Activists: Jihadi killed near Syria-Lebanon border

BEIRUT (AP) — Lebanese Hezbollah fighters have killed a senior member of the Islamic State group who was known to be one of their top explosives experts in an operation inside Syria, activists said Tuesday.

The Syrian Observatory for Human Rights said the man known as Abu Abdullah al-Iraqi was killed by a bomb planted in his car in Syria’s rugged Qalamoun region along the border with Lebanon. Three other Islamic State militants died in an ensuing clash with Hezbollah fighters, according to the group.

Hezbollah’s Al-Manar TV reported al-Iraqi’s death but said he was killed in a “qualitative” operation carried out by the Syrian army in Qalamoun. It said he was in charge of rigging cars with explosives and preparing suicide bombers which he sent to Lebanon to carry out attacks.

Hezbollah is a Shiite group and longtime staunch ally of the Syrian government. It has been heavily involved in fighting alongside President Bashar Assad’s forces in Syria, particularly along the Lebanese-Syrian border, battling the overwhelmingly Sunni rebels seeking to overthrow him.

The group typically does not claim responsibility for operations inside Syrian territory.

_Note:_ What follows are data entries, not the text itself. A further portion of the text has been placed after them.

(* Let $\mathcal X$ be a nominal set and $N\subseteq\mathbb A$ finite. Let $b\in\mathbb A\setminus N$, and let $X\subseteq\mathcal X$ with $\mathrm{supp}(X)\subseteq N\cup\{b\}$. Then there exists an injective function $$f:\ \mathrm{orbs}_N\Big(\bigcup_{a\in\mathbb A\setminus N}(a\ b)\cdot X\Big)\to\mathrm{orbs}_{N\cup\{b\}}(X).$$
   Context: Fix a countably infinite set $\mathbb A$ of names. $\mathrm{Perm}$ is the group of finite permutations of $\mathbb A$. $(a\ b)$ denotes the transposition swapping $a$ and $b$ and fixing all other names. A nominal set is a set with a $\mathrm{Perm}$-action in which every element has finite support. $\mathrm{supp}$ denotes the least finite supporting set. Permutations act on subsets pointwise, $\pi\cdot X=\{\pi\cdot x\mid x\in X\}$. For finite $N\subseteq\mathbb A$ and $x\in\mathcal X$: - $\mathrm{orb}_N(x)=\{\pi\cdot x\mid\pi\in\mathrm{Perm},\ \pi(a)=a\ \forall a\in N\}$. For $S\subseteq\mathcal X$: - $\mathrm{orbs}_N(S)=\{\mathrm{orb}_N(x)\mid x\in S\}$. *)

theory Defs
  imports "HOL-Combinatorics.Perm"
begin

text \<open>Atoms: the countably infinite set of names is modelled by the type nat.
  Perm = the group of finite permutations of names, i.e. the type nat perm
  (bijections moving only finitely many names).\<close>

definition perm_action :: "(nat perm \<Rightarrow> 'x \<Rightarrow> 'x) \<Rightarrow> bool" where
  "perm_action act \<longleftrightarrow> (\<forall>x. act 1 x = x) \<and>
     (\<forall>p q x. act (p * q) x = act p (act q x))"

definition supports :: "(nat perm \<Rightarrow> 'x \<Rightarrow> 'x) \<Rightarrow> nat set \<Rightarrow> 'x \<Rightarrow> bool" where
  "supports act S x \<longleftrightarrow> (\<forall>p. (\<forall>a\<in>S. Perm.apply p a = a) \<longrightarrow> act p x = x)"

definition fin_supp :: "(nat perm \<Rightarrow> 'x \<Rightarrow> 'x) \<Rightarrow> 'x \<Rightarrow> bool" where
  "fin_supp act x \<longleftrightarrow> (\<exists>S. finite S \<and> supports act S x)"

definition nominal :: "(nat perm \<Rightarrow> 'x \<Rightarrow> 'x) \<Rightarrow> bool" where
  "nominal act \<longleftrightarrow> perm_action act \<and> (\<forall>x. fin_supp act x)"

definition supp :: "(nat perm \<Rightarrow> 'x \<Rightarrow> 'x) \<Rightarrow> 'x \<Rightarrow> nat set" where
  "supp act x = (THE S. finite S \<and> supports act S x \<and>
                   (\<forall>T. finite T \<and> supports act T x \<longrightarrow> S \<subseteq> T))"

definition set_act :: "(nat perm \<Rightarrow> 'x \<Rightarrow> 'x) \<Rightarrow> nat perm \<Rightarrow> 'x set \<Rightarrow> 'x set" where
  "set_act act p X = act p ` X"

definition orb :: "(nat perm \<Rightarrow> 'x \<Rightarrow> 'x) \<Rightarrow> nat set \<Rightarrow> 'x \<Rightarrow> 'x set" where
  "orb act N x = {act p x | p. \<forall>a\<in>N. Perm.apply p a = a}"

definition orbs :: "(nat perm \<Rightarrow> 'x \<Rightarrow> 'x) \<Rightarrow> nat set \<Rightarrow> 'x set \<Rightarrow> 'x set set" where
  "orbs act N S = orb act N ` S"

end

theory Submission
  imports Defs
begin

text \<open>Pick \<open>a\<^sub>0 \<notin> N\<close>. For \<open>a, b \<notin> N\<close>, the permutation \<open>(a b)(a\<^sub>0 b)\<close> fixes \<open>N\<close>,
  and conjugating by \<open>(a b)\<close> turns a permutation fixing \<open>N \<union> {b}\<close> into one fixing \<open>N\<close>.
  Hence \<open>x \<mapsto> orb\<^sub>N((a\<^sub>0 b)\<cdot>x)\<close> maps \<open>X\<close> onto the \<open>N\<close>-orbits of \<open>\<Union>\<^sub>a (a b)\<cdot>X\<close> and is
  constant on \<open>(N \<union> {b})\<close>-orbits. It therefore induces a surjection from the
  \<open>(N \<union> {b})\<close>-orbits of \<open>X\<close> onto those \<open>N\<close>-orbits, and any section of it is an injection
  the other way. This holds for every \<open>Perm\<close>-action.\<close>

lemma ex_inj_on_image_if_factors:
  assumes "\<And>x y. x \<in> S \<Longrightarrow> y \<in> S \<Longrightarrow> G x = G y \<Longrightarrow> F x = F y"
  shows "\<exists>f. inj_on f (F ` S) \<and> f ` F ` S \<subseteq> G ` S"
proof (intro exI conjI)
  let ?f = "\<lambda>t. G (inv_into S F t)"
  show "inj_on ?f (F ` S)"
  proof (rule inj_onI)
    fix s t assume s: "s \<in> F ` S" and t: "t \<in> F ` S" and "?f s = ?f t"
    then have "F (inv_into S F s) = F (inv_into S F t)"
      by (intro assms inv_into_into)
    then show "s = t"
      using s t by (simp add: f_inv_into_f)
  qed
  show "?f ` F ` S \<subseteq> G ` S"
    by (auto intro: inv_into_into)
qed

lemma perm_action_one: "perm_action act \<Longrightarrow> act 1 x = x"
  unfolding perm_action_def by blast

lemma perm_action_times: "perm_action act \<Longrightarrow> act (p * q) x = act p (act q x)"
  unfolding perm_action_def by blast

lemma perm_action_swap_swap:
  "perm_action act \<Longrightarrow> act (swap a b) (act (swap a b) x) = x"
  by (metis perm_action_one perm_action_times swap_self)

lemma apply_inverse_fixed:
  assumes "Perm.apply p a = a"
  shows "Perm.apply (inverse p) a = a"
proof -
  have "Perm.apply (inverse p) a = Perm.apply (inverse p) (Perm.apply p a)"
    using assms by simp
  also have "\<dots> = a"
    by (simp only: apply_sequence perm.left_inverse apply_one id_apply)
  finally show ?thesis .
qed

lemma orbI: "\<forall>a\<in>N. Perm.apply p a = a \<Longrightarrow> act p x \<in> orb act N x"
  unfolding orb_def by blast

lemma orbE:
  assumes "y \<in> orb act N x"
  obtains p where "y = act p x" and "\<forall>a\<in>N. Perm.apply p a = a"
  using assms unfolding orb_def by blast

lemma orb_self: "perm_action act \<Longrightarrow> x \<in> orb act N x"
  using orbI[of N 1 act x] by (simp add: perm_action_one)

lemma orb_subset_if_mem:
  assumes act: "perm_action act" and "y \<in> orb act N x"
  shows "orb act N y \<subseteq> orb act N x"
proof
  fix z assume "z \<in> orb act N y"
  then obtain q where z: "z = act q y" and q: "\<forall>a\<in>N. Perm.apply q a = a"
    by (rule orbE)
  obtain p where y: "y = act p x" and p: "\<forall>a\<in>N. Perm.apply p a = a"
    using \<open>y \<in> orb act N x\<close> by (rule orbE)
  have "z = act (q * p) x"
    by (simp add: z y perm_action_times[OF act])
  moreover have "\<forall>a\<in>N. Perm.apply (q * p) a = a"
    using p q by (simp add: apply_times)
  ultimately show "z \<in> orb act N x"
    using orbI by metis
qed

lemma orb_sym:
  assumes act: "perm_action act" and "y \<in> orb act N x"
  shows "x \<in> orb act N y"
proof -
  obtain p where y: "y = act p x" and p: "\<forall>a\<in>N. Perm.apply p a = a"
    using \<open>y \<in> orb act N x\<close> by (rule orbE)
  have "x = act (inverse p) y"
    by (simp add: y perm_action_times[OF act, symmetric] perm_action_one[OF act])
  moreover have "\<forall>a\<in>N. Perm.apply (inverse p) a = a"
    using p by (simp add: apply_inverse_fixed)
  ultimately show ?thesis
    using orbI by metis
qed

lemma orb_eq_if_mem:
  "perm_action act \<Longrightarrow> y \<in> orb act N x \<Longrightarrow> orb act N y = orb act N x"
  by (meson orb_subset_if_mem orb_sym orb_self subset_antisym)

lemma orb_act_eq:
  "perm_action act \<Longrightarrow> \<forall>a\<in>N. Perm.apply p a = a \<Longrightarrow> orb act N (act p x) = orb act N x"
  by (simp add: orbI orb_eq_if_mem)

lemma apply_swap_fixes:
  "a \<notin> N \<Longrightarrow> b \<notin> N \<Longrightarrow> c \<in> N \<Longrightarrow> Perm.apply (swap a b) c = c"
  by (metis apply_swap_same)

lemma orb_act_swap_indep:
  assumes act: "perm_action act" and "a \<notin> N" "a' \<notin> N" "b \<notin> N"
  shows "orb act N (act (swap a b) x) = orb act N (act (swap a' b) x)"
proof -
  have "act (swap a b) x = act (swap a b * swap a' b) (act (swap a' b) x)"
    by (simp add: perm_action_times[OF act] perm_action_swap_swap[OF act])
  also have "orb act N \<dots> = orb act N (act (swap a' b) x)"
    using assms by (intro orb_act_eq[OF act]) (simp add: apply_times apply_swap_fixes)
  finally show ?thesis .
qed

lemma orb_act_swap_cong:
  assumes act: "perm_action act" and "a \<notin> N" "b \<notin> N"
    and "y \<in> orb act (N \<union> {b}) x"
  shows "orb act N (act (swap a b) y) = orb act N (act (swap a b) x)"
proof -
  obtain r where y: "y = act r x" and r: "\<forall>c\<in>N \<union> {b}. Perm.apply r c = c"
    using \<open>y \<in> orb act (N \<union> {b}) x\<close> by (rule orbE)
  have "act (swap a b) y = act (swap a b * r * swap a b) (act (swap a b) x)"
    by (simp add: y perm_action_times[OF act] perm_action_swap_swap[OF act])
  also have "orb act N \<dots> = orb act N (act (swap a b) x)"
    using assms r by (intro orb_act_eq[OF act]) (simp add: apply_times apply_swap_fixes)
  finally show ?thesis .
qed

lemma orbs_Union_swap:
  assumes act: "perm_action act" and "a\<^sub>0 \<notin> N" "b \<notin> N"
  shows "orbs act N (\<Union>a\<in>- N. set_act act (swap a b) X)
           = (\<lambda>x. orb act N (act (swap a\<^sub>0 b) x)) ` X"
proof -
  have "orbs act N (\<Union>a\<in>- N. set_act act (swap a b) X)
          = (\<Union>a\<in>- N. (\<lambda>x. orb act N (act (swap a b) x)) ` X)"
    unfolding orbs_def set_act_def by (simp only: image_UN image_image)
  also have "\<dots> = (\<Union>a\<in>- N. (\<lambda>x. orb act N (act (swap a\<^sub>0 b) x)) ` X)"
    using assms by (intro SUP_cong image_cong refl orb_act_swap_indep[OF act]) auto
  also have "\<dots> = (\<lambda>x. orb act N (act (swap a\<^sub>0 b) x)) ` X"
    using \<open>a\<^sub>0 \<notin> N\<close> by blast
  finally show ?thesis .
qed

theorem mainTheorem6:
  fixes act :: "nat perm \<Rightarrow> 'x \<Rightarrow> 'x"
    and N :: "nat set" and b :: nat and X :: "'x set"
  assumes "nominal act"
    and "finite N"
    and "b \<notin> N"
    and "fin_supp (set_act act) X"
    and "supp (set_act act) X \<subseteq> N \<union> {b}"
  shows "\<exists>f. inj_on f (orbs act N (\<Union>a\<in>- N. set_act act (swap a b) X)) \<and>
             f ` orbs act N (\<Union>a\<in>- N. set_act act (swap a b) X) \<subseteq> orbs act (N \<union> {b}) X"
proof -
  have act: "perm_action act"
    using \<open>nominal act\<close> unfolding nominal_def by blast
  obtain a\<^sub>0 :: nat where "a\<^sub>0 \<notin> N"
    using \<open>finite N\<close> ex_new_if_finite infinite_UNIV_nat by blast
  define F where "F x = orb act N (act (swap a\<^sub>0 b) x)" for x
  have "\<exists>f. inj_on f (F ` X) \<and> f ` F ` X \<subseteq> orb act (N \<union> {b}) ` X"
  proof (rule ex_inj_on_image_if_factors)
    fix x y assume "orb act (N \<union> {b}) x = orb act (N \<union> {b}) y"
    then have "y \<in> orb act (N \<union> {b}) x"
      using orb_self[OF act] by metis
    then show "F x = F y"
      unfolding F_def using orb_act_swap_cong[OF act \<open>a\<^sub>0 \<notin> N\<close> \<open>b \<notin> N\<close>] by simp
  qed
  moreover have "orbs act N (\<Union>a\<in>- N. set_act act (swap a b) X) = F ` X"
    unfolding F_def using orbs_Union_swap[OF act \<open>a\<^sub>0 \<notin> N\<close> \<open>b \<notin> N\<close>] .
  ultimately show ?thesis
    unfolding orbs_def[of act "N \<union> {b}"] by simp
qed

end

In April, the group placed a powerful bomb in a two-story villa in Syria’s western Qalamoun region, detonating it as three rebel explosive experts and four assistants met inside, turning the villa into rubble in seconds.

Also Tuesday, the organization charged with overseeing the destruction of Syria’s chemical weapons program said the most crucial part of its operation has been completed.

The Organization for the Prohibition for Chemical Weapons said that an operation carried out aboard the U.S. vessel Cape Ray had destroyed 581 metric tons of a precursor for sarin nerve gas, and 19.8 metric tons of mustard gas. The toxicity of the chemicals was reduced by 99.9 percent by a hydrolysis technique aboard the ship, and the resulting liquid will now be transported to Finland and Germany for final disposal.

OPCW experts ensured that none of the chemicals escaped into the sea, the agency’s director-general Ahmet Uzumcu said in a statement.